*Activity*. From the first line to the last, print the records exactly.

*Data shown*.
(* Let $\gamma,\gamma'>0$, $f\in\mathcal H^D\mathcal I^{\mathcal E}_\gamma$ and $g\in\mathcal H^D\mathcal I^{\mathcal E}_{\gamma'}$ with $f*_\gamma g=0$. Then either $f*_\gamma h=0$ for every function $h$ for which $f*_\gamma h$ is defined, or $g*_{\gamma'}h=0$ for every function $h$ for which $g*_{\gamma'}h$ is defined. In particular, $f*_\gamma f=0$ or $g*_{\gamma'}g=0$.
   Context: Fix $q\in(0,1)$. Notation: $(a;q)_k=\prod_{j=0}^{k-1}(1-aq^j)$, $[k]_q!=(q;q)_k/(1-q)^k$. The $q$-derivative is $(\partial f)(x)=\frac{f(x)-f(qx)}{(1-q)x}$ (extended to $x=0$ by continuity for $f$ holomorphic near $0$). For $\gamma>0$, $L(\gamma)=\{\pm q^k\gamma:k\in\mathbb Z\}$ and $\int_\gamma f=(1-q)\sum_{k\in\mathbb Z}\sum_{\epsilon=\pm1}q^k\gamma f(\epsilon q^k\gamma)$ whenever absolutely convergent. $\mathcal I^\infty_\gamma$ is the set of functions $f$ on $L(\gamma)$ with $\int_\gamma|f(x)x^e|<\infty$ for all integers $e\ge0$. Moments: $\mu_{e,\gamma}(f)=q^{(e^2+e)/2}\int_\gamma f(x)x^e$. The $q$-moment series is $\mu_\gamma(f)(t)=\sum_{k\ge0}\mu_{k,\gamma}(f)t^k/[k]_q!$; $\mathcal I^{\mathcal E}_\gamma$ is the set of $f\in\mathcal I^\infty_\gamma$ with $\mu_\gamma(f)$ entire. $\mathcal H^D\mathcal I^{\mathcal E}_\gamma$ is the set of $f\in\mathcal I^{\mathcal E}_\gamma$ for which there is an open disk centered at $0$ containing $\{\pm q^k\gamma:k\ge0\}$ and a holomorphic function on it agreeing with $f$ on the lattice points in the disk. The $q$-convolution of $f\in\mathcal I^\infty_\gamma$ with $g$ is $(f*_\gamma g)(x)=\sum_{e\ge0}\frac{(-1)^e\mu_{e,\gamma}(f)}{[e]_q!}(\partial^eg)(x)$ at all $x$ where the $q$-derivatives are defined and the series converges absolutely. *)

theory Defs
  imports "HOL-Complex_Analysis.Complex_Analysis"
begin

*Task output*.
(* Let $\gamma,\gamma'>0$, $f\in\mathcal H^D\mathcal I^{\mathcal E}_\gamma$ and $g\in\mathcal H^D\mathcal I^{\mathcal E}_{\gamma'}$ with $f*_\gamma g=0$. Then either $f*_\gamma h=0$ for every function $h$ for which $f*_\gamma h$ is defined, or $g*_{\gamma'}h=0$ for every function $h$ for which $g*_{\gamma'}h$ is defined. In particular, $f*_\gamma f=0$ or $g*_{\gamma'}g=0$.
   Context: Fix $q\in(0,1)$. Notation: $(a;q)_k=\prod_{j=0}^{k-1}(1-aq^j)$, $[k]_q!=(q;q)_k/(1-q)^k$. The $q$-derivative is $(\partial f)(x)=\frac{f(x)-f(qx)}{(1-q)x}$ (extended to $x=0$ by continuity for $f$ holomorphic near $0$). For $\gamma>0$, $L(\gamma)=\{\pm q^k\gamma:k\in\mathbb Z\}$ and $\int_\gamma f=(1-q)\sum_{k\in\mathbb Z}\sum_{\epsilon=\pm1}q^k\gamma f(\epsilon q^k\gamma)$ whenever absolutely convergent. $\mathcal I^\infty_\gamma$ is the set of functions $f$ on $L(\gamma)$ with $\int_\gamma|f(x)x^e|<\infty$ for all integers $e\ge0$. Moments: $\mu_{e,\gamma}(f)=q^{(e^2+e)/2}\int_\gamma f(x)x^e$. The $q$-moment series is $\mu_\gamma(f)(t)=\sum_{k\ge0}\mu_{k,\gamma}(f)t^k/[k]_q!$; $\mathcal I^{\mathcal E}_\gamma$ is the set of $f\in\mathcal I^\infty_\gamma$ with $\mu_\gamma(f)$ entire. $\mathcal H^D\mathcal I^{\mathcal E}_\gamma$ is the set of $f\in\mathcal I^{\mathcal E}_\gamma$ for which there is an open disk centered at $0$ containing $\{\pm q^k\gamma:k\ge0\}$ and a holomorphic function on it agreeing with $f$ on the lattice points in the disk. The $q$-convolution of $f\in\mathcal I^\infty_\gamma$ with $g$ is $(f*_\gamma g)(x)=\sum_{e\ge0}\frac{(-1)^e\mu_{e,\gamma}(f)}{[e]_q!}(\partial^eg)(x)$ at all $x$ where the $q$-derivatives are defined and the series converges absolutely. *)

theory Defs
  imports "HOL-Complex_Analysis.Complex_Analysis"
begin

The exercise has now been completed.